Amalthea could then apply Infor’s Coleman harmonised AI platform to historical cheese batches and orders where the ML model would assess any deviations from the set target yield and draw insights around the yield value daily. This allows for the process parameters of cheesemaking to be regularly updated while adjusting target yield.
A key element of this now fully automated process allows operators to reduce the time spent detecting issues within yield deviations, with the AI technology drawing actionable insights in a much quicker time. This redistributes operators’ time to the stabilising of production processes more efficiently. Infor CloudSuite has also been implemented across Amalthea’s supply chain from milk reception to the cheese warehouse. The system interacts with the factory’s production automation, factoring in weighing units and processing tanks. It also shortens the time to market, which increases speed to value.
Speedier decision-making using AI in F&B
“Amalthea found that some of its biggest drivers of revenue were also some of the biggest drivers of variation in yield, meaning they were leaving money at the table,” says Anand. “Consistent yield minimised this financial loss.”
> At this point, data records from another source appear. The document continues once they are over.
instance ell :: banach
proof
  fix X :: "nat \<Rightarrow> ell"
  assume Cauchy: "Cauchy X"
  then obtain v where v: "\<And>n. (\<lambda>k. el (X k) n) \<longlonglongrightarrow> v n"
    using Cauchy_el unfolding Cauchy_convergent_iff convergent_def by metis
  note tail = Cauchy_ell_tail[OF Cauchy v]
  obtain K where K: "summable (\<lambda>n. (el (X K) n - v n)\<^sup>2)"
    using tail[of 1] by auto
  have "v 0 = 0"
    using LIMSEQ_unique[OF v[of 0]] el by (simp add: l2_iff_summable)
  moreover have "(\<lambda>n. el (X K) n - (el (X K) n - v n)) \<in> l2"
    using l2_lincomb[of "el (X K)" "\<lambda>n. el (X K) n - v n" 1 "-1"] el K \<open>v 0 = 0\<close>
    by (simp add: l2_iff_summable)
  ultimately have v_l2: "v \<in> l2"
    by simp
  have "X \<longlonglongrightarrow> mkell v"
  proof (rule LIMSEQ_I)
    fix r :: real assume "r > 0"
    then obtain K where K: "\<forall>k\<ge>K. (\<Sum>n. (el (X k) n - v n)\<^sup>2) \<le> (r/2)\<^sup>2"
      using tail[of "r/2"] by auto
    have "norm (X k - mkell v) \<le> r/2" if "K \<le> k" for k
    proof -
      have "(norm (X k - mkell v))\<^sup>2 \<le> (r/2)\<^sup>2"
        using K that by (simp add: norm_ell_square minus_ell.rep_eq mkell_inverse[OF v_l2])
      then show ?thesis
        using \<open>r > 0\<close> by (simp add: power2_le_iff_abs_le)
    qed
    then show "\<exists>K. \<forall>k\<ge>K. norm (X k - mkell v) < r"
      using \<open>r > 0\<close> by (metis half_gt_zero less_add_same_cancel1 field_sum_of_halves le_less_trans)
  qed
  then show "convergent X"
    by (rule convergentI)
qed

lemma l2norm_nonneg: "0 \<le> l2norm u"
  by (simp add: l2norm_def infsum_nonneg)

lemma norm_mkell: "u \<in> l2 \<Longrightarrow> norm (mkell u) = l2norm u"
  by (simp add: norm_ell_eq_l2norm mkell_inverse)

lemma mkell_lincomb:
  assumes "u \<in> l2" "v \<in> l2"
  shows "mkell (\<lambda>n. a * u n + b * v n) = a *\<^sub>R mkell u + b *\<^sub>R mkell v"
  by (rule el_inject[THEN iffD1])
    (simp add: assms l2_lincomb mkell_inverse plus_ell.rep_eq scaleR_ell.rep_eq)

definition l2_op :: "(ell \<Rightarrow>\<^sub>L ell) \<Rightarrow> (nat \<Rightarrow> real) \<Rightarrow> nat \<Rightarrow> real" where
  "l2_op T u = el (T (mkell u))"

lemma bounded_linear_l2_l2_op: "bounded_linear_l2 (l2_op T)"
  unfolding bounded_linear_l2_def l2_op_def
proof (intro conjI ballI allI exI)
  show "el (T (mkell u)) \<in> l2" for u
    by (rule el)
  show "el (T (mkell (\<lambda>n. a * u n + b * v n))) = (\<lambda>n. a * el (T (mkell u)) n + b * el (T (mkell v)) n)"
    if "u \<in> l2" "v \<in> l2" for u v a b
    using that by (simp add: mkell_lincomb blinfun.bilinear_simps plus_ell.rep_eq scaleR_ell.rep_eq)
  show "l2norm (el (T (mkell u))) \<le> norm T * l2norm u" if "u \<in> l2" for u
    using norm_blinfun[of T "mkell u"] that by (simp add: norm_ell_eq_l2norm[symmetric] norm_mkell)
qed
Amalthea was able to tackle this issue with an initial approach of small, quick wins with tangible, achievable milestones that show monetary or efficiency benefits. As it scaled this technology, the company was able to increase its capabilities of reacting to the process to improve it. Through this continual process, more data and parameters can be analysed to increase the speed of decision-making in a way that wasn’t possible before.
“We were able to connect multiple systems together,” says Anand. “Amalthea had a recipe system, a manufacturing system and a supply chain system. Then you add an analytics view to it as the glue that connects all these different systems together without having to create a completely new system.”
A key benefit of AI is that it helps automate processes and increases efficiency without companies having to build new products on top of it. Amalthea’s use of a cloud-based platform provides a strong foundation for future growth. This use of data insights will become increasingly utilised in F&B.
While it starts with a smaller focus on areas such as yield and production control, automation can be expanded to further use cases to provide more data that can be converted into actionable information. This helps to contribute towards valuable insights that improve performance, allowing for better decision-making and, ultimately, greater profitability.